How this skill works

The skill runs Cutadapt for precise, flexible adapter detection and trimming, with options for anchored adapters, error rate, overlap, linked adapters, and post-trim filtering. For paired-end data or when using built-in adapter libraries, Trimmomatic is available with ILLUMINACLIP settings and multi-threading. It also surfaces common adapter sequences and commands to verify trimming results with FastQC and read counts.

When to use it

  • FastQC reports adapter contamination in raw reads
  • Preparing short reads for alignment or variant calling
  • Processing small RNA or libraries with known 3' adapter tails
  • When paired-end palindrome or Nextera transposase adapters are present
  • Batch trimming in multi-sample sequencing runs

Best practices

  • Inspect raw FastQC reports to confirm adapter type before trimming
  • Choose Cutadapt for flexible matching and complex linked-adapter cases
  • Use Trimmomatic for paired-end runs with built-in adapter files and palindrome mode
  • Set sensible filters: minimum length (-m 20) and reasonable error rate (-e 0.1–0.15) to avoid overtrimming
  • Run FastQC on trimmed outputs and compare read counts to ensure no unexpected data loss

Example use cases

  • Trim single-end TruSeq reads with Cutadapt and enforce minimum length 20
  • Run paired-end Cutadapt with -A for read2 adapters and output both trimmed files
  • Use Trimmomatic PE with TruSeq3-PE-2.fa for palindrome adapter removal in Nextera-like libraries
  • Auto-detect and trim adapters quickly with fastp for exploratory datasets
  • Mask adapters instead of trimming when downstream tools require fixed-length reads

FAQ

How do I decide between Cutadapt and Trimmomatic?

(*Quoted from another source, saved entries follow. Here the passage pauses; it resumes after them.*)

lemma stable_exchange_bound:
  assumes "finite V" "metric_on V d" "\<gamma> \<ge> 1" "stable_with_opt V T d \<gamma> (W, E)"
    and "{u, v} \<in> E" "{p, q} \<noteq> {u, v}"
    and "(p, u) \<in> (adj (E - {{u, v}}))\<^sup>*" "(q, v) \<in> (adj (E - {{u, v}}))\<^sup>*"
  shows "\<gamma> * d u v < d p q"
proof -
  define D where "D = E - {{u, v}}"
  define w' where "w' e = (if e \<in> E then \<gamma> * edge_w d e else edge_w d e)" for e
  have opt: "steiner_tree V T (W, E)"
    using assms(4) by (rule stable_with_opt_steiner_tree)
  then have tree: "is_tree (W, E)" and "W \<subseteq> V"
    by (auto simp: steiner_tree_def)
  have E_edges: "E \<subseteq> edges_on V"
    using opt by (rule steiner_tree_edges_on)
  then have "finite E"
    using finite_edges_on[OF assms(1)] finite_subset by blast
  have exchanged: "is_tree (W, insert {p, q} D)"
    unfolding D_def by (rule tree_exchange[OF tree assms(5,7,8)])
  then have "{p, q} \<in> edges_on W"
    by (simp add: is_tree_iff)
  then have pq: "{p, q} \<in> edges_on V"
    using edges_on_mono[OF \<open>W \<subseteq> V\<close>] by blast
  have "(p, q) \<notin> (adj D)\<^sup>*"
    unfolding D_def by (rule tree_sides_separated[OF tree assms(5,7,8)])
  then have new: "{p, q} \<notin> D"
    by (auto simp: adj_def)
  with assms(6) have "{p, q} \<notin> E"
    by (simp add: D_def)
  have "{u, v} \<notin> insert {p, q} D"
    using assms(6) by (simp add: D_def)
  with assms(5) have "(W, insert {p, q} D) \<noteq> (W, E)"
    by blast
  moreover have "steiner_tree V T (W, insert {p, q} D)"
    using exchanged opt by (simp add: steiner_tree_def)
  ultimately have "tree_weight w' (W, E) < tree_weight w' (W, insert {p, q} D)"
    using stable_opt_strictly_cheaper[OF assms(1,4)] gamma_perturbation_scale[OF assms(2,3)]
    unfolding w'_def by blast
  moreover have "tree_weight w' (W, E) = \<gamma> * edge_w d {u, v} + sum w' D"
    using \<open>finite E\<close> assms(5) by (simp add: tree_weight_def D_def w'_def sum.remove)
  moreover have "tree_weight w' (W, insert {p, q} D) = edge_w d {p, q} + sum w' D"
    using \<open>finite E\<close> new \<open>{p, q} \<notin> E\<close> by (simp add: tree_weight_def D_def w'_def)
  moreover have "edge_w d {u, v} = d u v" "edge_w d {p, q} = d p q"
    using assms(5) E_edges pq edge_w_eq[OF assms(2)] edges_onD[of u v V] edges_onD[of p q V]
    by blast+
  ultimately show ?thesis
    by simp
qed

lemma stable_opt_edge_short:
  assumes "finite V" "metric_on V d" "\<gamma> \<ge> 1" "stable_with_opt V T d \<gamma> (W, E)"
    and "{c, a} \<in> E" "{a, b} \<in> E" "b \<noteq> c"
  shows "(\<gamma> - 1) * d c a < d a b"
proof -
  have "E \<subseteq> edges_on V"
    using assms(4) stable_with_opt_steiner_tree steiner_tree_edges_on by blast
  with assms(5,6) have "c \<in> V" "a \<in> V" "b \<in> V" "a \<noteq> b"
    using edges_onD[of c a V] edges_onD[of a b V] by blast+
  have "{a, b} \<in> E - {{c, a}}"
    using assms(6,7) by (auto simp: doubleton_eq_iff)
  then have "(b, a) \<in> (adj (E - {{c, a}}))\<^sup>*"
    by (simp add: adj_def insert_commute r_into_rtrancl)
  moreover have "{c, b} \<noteq> {c, a}"
    using \<open>a \<noteq> b\<close> by (auto simp: doubleton_eq_iff)
  ultimately have "\<gamma> * d c a < d c b"
    using stable_exchange_bound[OF assms(1-5), of c b] by blast
  moreover have "d c b \<le> d c a + d a b"
    using assms(2) \<open>c \<in> V\<close> \<open>a \<in> V\<close> \<open>b \<in> V\<close> unfolding metric_on_def by blast
  ultimately show ?thesis
    by (simp add: algebra_simps)
qed

lemma gamma_times_pred_ge_one:
  fixes \<gamma> :: real
  assumes "\<gamma> > 1" "\<gamma> * (\<gamma> - 1)^2 > 1"
  shows "\<gamma> * (\<gamma> - 1) \<ge> 1"
proof (cases "\<gamma> \<ge> 2")
  case True
  then have "\<gamma> * 1 \<le> \<gamma> * (\<gamma> - 1)"
    using assms(1) by (intro mult_left_mono) auto
  with assms(1) show ?thesis
    by linarith
next
  case False
  then have "(\<gamma> - 1) * (\<gamma> - 1) \<le> (\<gamma> - 1) * 1"
    using assms(1) by (intro mult_left_mono) auto
  then have "\<gamma> * (\<gamma> - 1)^2 \<le> \<gamma> * (\<gamma> - 1)"
    using assms(1) by (simp add: power2_eq_square)
  with assms(2) show ?thesis
    by simp
qed

lemma stable_opt_nonedge_long:
  assumes "finite V" "metric_on V d" "\<gamma> > 1" "\<gamma> * (\<gamma> - 1)^2 > 1"
    and "stable_with_opt V T d \<gamma> (W, E)"
    and "{a, b} \<in> E" "c \<in> W" "c \<noteq> a" "{c, a} \<notin> E"
  shows "d a b \<le> (\<gamma> - 1) * d c a"
proof -
  have opt: "steiner_tree V T (W, E)"
    using assms(5) by (rule stable_with_opt_steiner_tree)
  then have tree: "is_tree (W, E)"
    by (simp add: steiner_tree_def)
  have E_edges: "E \<subseteq> edges_on V"
    using opt by (rule steiner_tree_edges_on)
  from assms(6) E_edges have "a \<in> V" "b \<in> V" "a \<noteq> b"
    using edges_onD[of a b V] by blast+
  have "d a b \<ge> 0" "d a b = d b a"
    using assms(2) \<open>a \<in> V\<close> \<open>b \<in> V\<close> unfolding metric_on_def by blast+
  have "E \<subseteq> edges_on W"
    using tree by (simp add: is_tree_iff)
  with assms(6) have "a \<in> W"
    using edges_onD[of a b W] by blast
  with tree assms(7) have "(c, a) \<in> (adj E)\<^sup>*"
    by (simp add: is_tree_iff)
  from adj_rtrancl_last_edge[OF this assms(8)] obtain x
    where xa: "{x, a} \<in> E" and cx: "(c, x) \<in> (adj (E - {{x, a}}))\<^sup>*"
    by blast
  with E_edges have "x \<in> V" "x \<noteq> a"
    using edges_onD[of x a V] by blast+
  have "{c, a} \<noteq> {x, a}"
    using xa assms(9) by auto
  then have x_short: "\<gamma> * d x a < d c a"
    using stable_exchange_bound[OF assms(1,2) _ assms(5) xa _ cx, of a] assms(3) by simp
  have "\<gamma> - 1 > 0"
    using assms(3) by simp
  show ?thesis
  proof (cases "x = b")
    case True
    with x_short \<open>d a b = d b a\<close> have "\<gamma> * d a b < d c a"
      by simp
    have "d a b \<le> \<gamma> * (\<gamma> - 1) * d a b"
      using gamma_times_pred_ge_one[OF assms(3,4)] \<open>d a b \<ge> 0\<close>
      by (simp add: mult_le_cancel_right1)
    also have "\<dots> = (\<gamma> - 1) * (\<gamma> * d a b)"
      by (simp add: algebra_simps)
    also have "\<dots> \<le> (\<gamma> - 1) * d c a"
      using \<open>\<gamma> * d a b < d c a\<close> \<open>\<gamma> - 1 > 0\<close> by simp
    finally show ?thesis .
  next
    case False
    then have "{x, a} \<in> E - {{a, b}}" "{x, b} \<noteq> {a, b}"
      using xa \<open>x \<noteq> a\<close> by (auto simp: doubleton_eq_iff)
    then have "(x, a) \<in> (adj (E - {{a, b}}))\<^sup>*" "{x, b} \<noteq> {a, b}"
      by (auto simp: adj_def)
    then have "\<gamma> * d a b < d x b"
      using stable_exchange_bound[OF assms(1,2) _ assms(5,6)] assms(3) by simp
    moreover have "d x b \<le> d x a + d a b"
      using assms(2) \<open>x \<in> V\<close> \<open>a \<in> V\<close> \<open>b \<in> V\<close> unfolding metric_on_def by blast
    ultimately have "(\<gamma> - 1) * d a b < d x a"
      by (simp add: algebra_simps)
    then have "\<gamma> * ((\<gamma> - 1) * d a b) < \<gamma> * d x a"
      using assms(3) by simp
    with x_short have "\<gamma> * ((\<gamma> - 1) * d a b) < d c a"
      by linarith
    have "d a b \<le> \<gamma> * (\<gamma> - 1)^2 * d a b"
      using assms(4) \<open>d a b \<ge> 0\<close> by (simp add: mult_le_cancel_right1)
    also have "\<dots> = (\<gamma> - 1) * (\<gamma> * ((\<gamma> - 1) * d a b))"
      by (simp add: algebra_simps power2_eq_square)
    also have "\<dots> \<le> (\<gamma> - 1) * d c a"
      using \<open>\<gamma> * ((\<gamma> - 1) * d a b) < d c a\<close> \<open>\<gamma> - 1 > 0\<close> by simp
    finally show ?thesis .
  qed
qed

theorem mainTheorem4:
  fixes V T :: "'a set" and d :: "'a \<Rightarrow> 'a \<Rightarrow> real" and \<gamma> :: real
    and OPT H :: "'a set \<times> 'a set set" and a b c :: 'a
  assumes "finite V" and "T \<subseteq> V" and "metric_on V d"
    and "\<gamma> > 1" and "\<gamma> * (\<gamma> - 1)^2 > 1"
    and "stable_with_opt V T d \<gamma> OPT"
    and "fst H \<subseteq> fst OPT" and "snd H \<subseteq> snd OPT" and "snd H \<subseteq> edges_on (fst H)"
    and "card (fst H) \<ge> 2"
    and "{a, b} \<in> snd H"
    and "c \<in> fst OPT - fst H"
  shows "d c a < d a b / (\<gamma> - 1) \<longleftrightarrow> {c, a} \<in> snd OPT"
proof -
  \<comment> \<open>\<open>H\<close> only serves to give \<open>c \<noteq> a\<close> and \<open>c \<noteq> b\<close>.\<close>
  obtain W E where OPT: "OPT = (W, E)"
    by fastforce
  have stable: "stable_with_opt V T d \<gamma> (W, E)"
    using assms(6) OPT by simp
  have ab: "{a, b} \<in> E"
    using assms(8,11) OPT by auto
  from assms(9,11) have "a \<in> fst H" "b \<in> fst H"
    using edges_onD[of a b "fst H"] by blast+
  with assms(12) OPT have "c \<in> W" "c \<noteq> a" "b \<noteq> c"
    by auto
  have "d c a < d a b / (\<gamma> - 1) \<longleftrightarrow> (\<gamma> - 1) * d c a < d a b"
    using assms(4) by (simp add: pos_less_divide_eq mult.commute)
  moreover have "{c, a} \<in> E \<Longrightarrow> (\<gamma> - 1) * d c a < d a b"
    using stable_opt_edge_short[OF assms(1,3) _ stable _ ab \<open>b \<noteq> c\<close>] assms(4) by simp
  moreover have "{c, a} \<notin> E \<Longrightarrow> d a b \<le> (\<gamma> - 1) * d c a"
    using stable_opt_nonedge_long[OF assms(1,3,4,5) stable ab \<open>c \<in> W\<close> \<open>c \<noteq> a\<close>] by simp
  ultimately show ?thesis
    using OPT by force
qed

Use Cutadapt for flexible adapter patterns, linked or anchored adapters, or complex filtering. Use Trimmomatic for paired-end workflows that benefit from built-in adapter files and palindrome detection.

What parameters prevent overtrimming useful sequence?

Keep error rate moderate (default 0.1), increase minimum overlap (-O) to 5 if adapters are short, and set a sensible minimum length (-m 20) to retain informative reads.

How can I verify trimming worked correctly?

Run FastQC on trimmed FASTQ and compare adapter content and per-base sequence quality. Also compare read counts before and after trimming (e.g., zcat | wc -l) to detect unexpected losses.